§ Prompt:
Each record below is to be set down again precisely.

[Opening The input section]

lemma exp_power_integral_root_relative_error:
  assumes "0 < a" "a \<le> 1 / k" "4 \<le> k"
  shows "\<exists>r>0. exp_power_integral a k r = 1"
    and "\<bar>(Inf {r. 0 < r \<and> exp_power_integral a k r = 1} - 1) / (a / k) - 1\<bar> \<le> 3 / k"
proof -
  have "a * k \<le> 1"
    using assms by (simp add: field_simps)
  moreover have "a * 4 \<le> a * k"
    using assms by (intro mult_left_mono) auto
  ultimately have "a \<le> 1 / 4"
    by simp
  then obtain \<rho> where roots: "{r. 0 < r \<and> exp_power_integral a k r = 1} = {\<rho>}"
    and lower: "a * (1 - a) / (real k + 1) \<le> \<rho> - 1"
    and upper: "(\<rho> - 1) * (1 - 2 * a) \<le> a / (real k + 1)"
    using exp_power_integral_eq_one[of a k] assms by auto
  show "\<exists>r>0. exp_power_integral a k r = 1"
    using roots by blast
  have "0 \<le> a * (1 - a) / (real k + 1)"
    using assms \<open>a \<le> 1 / 4\<close> by simp
  then have "0 \<le> \<rho> - 1"
    using lower by linarith
  moreover have "a * (1 - a) \<le> (\<rho> - 1) * (real k + 1)"
    using lower by (simp add: pos_divide_le_eq)
  moreover have "(\<rho> - 1) * (1 - 2 * a) * (real k + 1) \<le> a"
    using upper by (simp add: pos_le_divide_eq)
  ultimately have "\<bar>(\<rho> - 1) * k / a - 1\<bar> \<le> 3 / k"
    using ratio_ge_of_lower_bound[of a k "\<rho> - 1"] ratio_le_of_upper_bound[of a k "\<rho> - 1"]
      assms \<open>a * k \<le> 1\<close> by (simp add: abs_le_iff)
  then show "\<bar>(Inf {r. 0 < r \<and> exp_power_integral a k r = 1} - 1) / (a / k) - 1\<bar> \<le> 3 / k"
    using roots by simp
qed

theorem corollary2p2:
  shows "\<forall>e>0. \<exists>K. \<forall>t. psize t \<ge> K \<longrightarrow>
    (\<exists>r>0. integral {0..r} (\<lambda>v. exp (- w t * v ^ psize t)) = 1) \<and>
    \<bar>(rho_tilde t - 1) / (w t / real (psize t)) - 1\<bar> < e"
proof (intro allI impI)
  fix e :: real
  assume "0 < e"
  have "(\<exists>r>0. integral {0..r} (\<lambda>v. exp (- w t * v ^ psize t)) = 1) \<and>
      \<bar>(rho_tilde t - 1) / (w t / real (psize t)) - 1\<bar> < e"
    if K: "max 4 (nat \<lceil>3 / e\<rceil> + 1) \<le> psize t" for t
  proof -
    have "3 / e \<le> real (nat \<lceil>3 / e\<rceil>)"
      by (rule real_nat_ceiling_ge)
    with K have "3 / e < real (psize t)"
      by linarith
    then have small: "3 / real (psize t) < e"
      using \<open>0 < e\<close> K by (simp add: field_simps)
    have "4 \<le> psize t"
      using K by simp
    note root = exp_power_integral_root_relative_error[OF w_pos w_le_inverse_psize this,
        unfolded exp_power_integral_def]
    show ?thesis
      unfolding rho_tilde_def using root(1) le_less_trans[OF root(2) small] by blast
  qed
  then show "\<exists>K. \<forall>t. psize t \<ge> K \<longrightarrow>
      (\<exists>r>0. integral {0..r} (\<lambda>v. exp (- w t * v ^ psize t)) = 1) \<and>
      \<bar>(rho_tilde t - 1) / (w t / real (psize t)) - 1\<bar> < e"
    by blast
qed

end
(* Let $B,n'\ge1$ be integers, $n=2Bn'$, $s\ge0$, and let $f:\{0,1\}^{n'}\to\{\pm\tfrac12\}$ be a balanced function with $I(f)\le s$. Let $W=\mathrm{Span}\{f_z : z\in\{0,1\}^B\}\subseteq\mathbb{C}^{2^n}$ with $f_z$ as defined below. Then for every $\phi\in W$, $$2^{n-1}I(\phi)\le 2s\,|\phi^*\phi|.$$
   Context: A function $g:\{0,1\}^m\to\mathbb{C}$ is identified with the vector $\sum_x g(x)|x\rangle\in\mathbb{C}^{2^m}$. For $g:\{0,1\}^m\to\mathbb{C}$ and $i\in[m]$, $I_i(g)=\mathbb{E}_{x\in\{0,1\}^m}|g(x)-g(x\oplus e_i)|^2$ and $I(g)=\max_i I_i(g)$. Balanced means $f$ takes each value on exactly half the inputs. Partition $[n]$ into $2B$ consecutive blocks of length $n'$; for $x\in\{0,1\}^n$, $i\in[B]$, $b\in\{0,1\}$, $x_{i,b}\in\{0,1\}^{n'}$ is the restriction of $x$ to the $(2i-1+b)$-th block. For $z\in\{0,1\}^B$, $f_z(x)=f(x_{1,z_1})\cdots f(x_{B,z_B})$. *)

theory Defs
  imports Complex_Main
begin

text \<open>Bit strings in {0,1}^m are encoded as subsets of {..<m} (the set of positions
holding a 1).
A function g on {0,1}^m is any g :: nat set => complex; only its values on
cube m matter. Indices are 0-based.\<close>

definition cube :: "nat \<Rightarrow> nat set set" where
  "cube m = Pow {..<m}"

[Closing The input section]

§ Response:
lemma exp_power_integral_root_relative_error:
  assumes "0 < a" "a \<le> 1 / k" "4 \<le> k"
  shows "\<exists>r>0. exp_power_integral a k r = 1"
    and "\<bar>(Inf {r. 0 < r \<and> exp_power_integral a k r = 1} - 1) / (a / k) - 1\<bar> \<le> 3 / k"
proof -
  have "a * k \<le> 1"
    using assms by (simp add: field_simps)
  moreover have "a * 4 \<le> a * k"
    using assms by (intro mult_left_mono) auto
  ultimately have "a \<le> 1 / 4"
    by simp
  then obtain \<rho> where roots: "{r. 0 < r \<and> exp_power_integral a k r = 1} = {\<rho>}"
    and lower: "a * (1 - a) / (real k + 1) \<le> \<rho> - 1"
    and upper: "(\<rho> - 1) * (1 - 2 * a) \<le> a / (real k + 1)"
    using exp_power_integral_eq_one[of a k] assms by auto
  show "\<exists>r>0. exp_power_integral a k r = 1"
    using roots by blast
  have "0 \<le> a * (1 - a) / (real k + 1)"
    using assms \<open>a \<le> 1 / 4\<close> by simp
  then have "0 \<le> \<rho> - 1"
    using lower by linarith
  moreover have "a * (1 - a) \<le> (\<rho> - 1) * (real k + 1)"
    using lower by (simp add: pos_divide_le_eq)
  moreover have "(\<rho> - 1) * (1 - 2 * a) * (real k + 1) \<le> a"
    using upper by (simp add: pos_le_divide_eq)
  ultimately have "\<bar>(\<rho> - 1) * k / a - 1\<bar> \<le> 3 / k"
    using ratio_ge_of_lower_bound[of a k "\<rho> - 1"] ratio_le_of_upper_bound[of a k "\<rho> - 1"]
      assms \<open>a * k \<le> 1\<close> by (simp add: abs_le_iff)
  then show "\<bar>(Inf {r. 0 < r \<and> exp_power_integral a k r = 1} - 1) / (a / k) - 1\<bar> \<le> 3 / k"
    using roots by simp
qed

theorem corollary2p2:
  shows "\<forall>e>0. \<exists>K. \<forall>t. psize t \<ge> K \<longrightarrow>
    (\<exists>r>0. integral {0..r} (\<lambda>v. exp (- w t * v ^ psize t)) = 1) \<and>
    \<bar>(rho_tilde t - 1) / (w t / real (psize t)) - 1\<bar> < e"
proof (intro allI impI)
  fix e :: real
  assume "0 < e"
  have "(\<exists>r>0. integral {0..r} (\<lambda>v. exp (- w t * v ^ psize t)) = 1) \<and>
      \<bar>(rho_tilde t - 1) / (w t / real (psize t)) - 1\<bar> < e"
    if K: "max 4 (nat \<lceil>3 / e\<rceil> + 1) \<le> psize t" for t
  proof -
    have "3 / e \<le> real (nat \<lceil>3 / e\<rceil>)"
      by (rule real_nat_ceiling_ge)
    with K have "3 / e < real (psize t)"
      by linarith
    then have small: "3 / real (psize t) < e"
      using \<open>0 < e\<close> K by (simp add: field_simps)
    have "4 \<le> psize t"
      using K by simp
    note root = exp_power_integral_root_relative_error[OF w_pos w_le_inverse_psize this,
        unfolded exp_power_integral_def]
    show ?thesis
      unfolding rho_tilde_def using root(1) le_less_trans[OF root(2) small] by blast
  qed
  then show "\<exists>K. \<forall>t. psize t \<ge> K \<longrightarrow>
      (\<exists>r>0. integral {0..r} (\<lambda>v. exp (- w t * v ^ psize t)) = 1) \<and>
      \<bar>(rho_tilde t - 1) / (w t / real (psize t)) - 1\<bar> < e"
    by blast
qed

end
(* Let $B,n'\ge1$ be integers, $n=2Bn'$, $s\ge0$, and let $f:\{0,1\}^{n'}\to\{\pm\tfrac12\}$ be a balanced function with $I(f)\le s$. Let $W=\mathrm{Span}\{f_z : z\in\{0,1\}^B\}\subseteq\mathbb{C}^{2^n}$ with $f_z$ as defined below. Then for every $\phi\in W$, $$2^{n-1}I(\phi)\le 2s\,|\phi^*\phi|.$$
   Context: A function $g:\{0,1\}^m\to\mathbb{C}$ is identified with the vector $\sum_x g(x)|x\rangle\in\mathbb{C}^{2^m}$. For $g:\{0,1\}^m\to\mathbb{C}$ and $i\in[m]$, $I_i(g)=\mathbb{E}_{x\in\{0,1\}^m}|g(x)-g(x\oplus e_i)|^2$ and $I(g)=\max_i I_i(g)$. Balanced means $f$ takes each value on exactly half the inputs. Partition $[n]$ into $2B$ consecutive blocks of length $n'$; for $x\in\{0,1\}^n$, $i\in[B]$, $b\in\{0,1\}$, $x_{i,b}\in\{0,1\}^{n'}$ is the restriction of $x$ to the $(2i-1+b)$-th block. For $z\in\{0,1\}^B$, $f_z(x)=f(x_{1,z_1})\cdots f(x_{B,z_B})$. *)

theory Defs
  imports Complex_Main
begin

text \<open>Bit strings in {0,1}^m are encoded as subsets of {..<m} (the set of positions
holding a 1).
A function g on {0,1}^m is any g :: nat set => complex; only its values on
cube m matter. Indices are 0-based.\<close>

definition cube :: "nat \<Rightarrow> nat set set" where
  "cube m = Pow {..<m}"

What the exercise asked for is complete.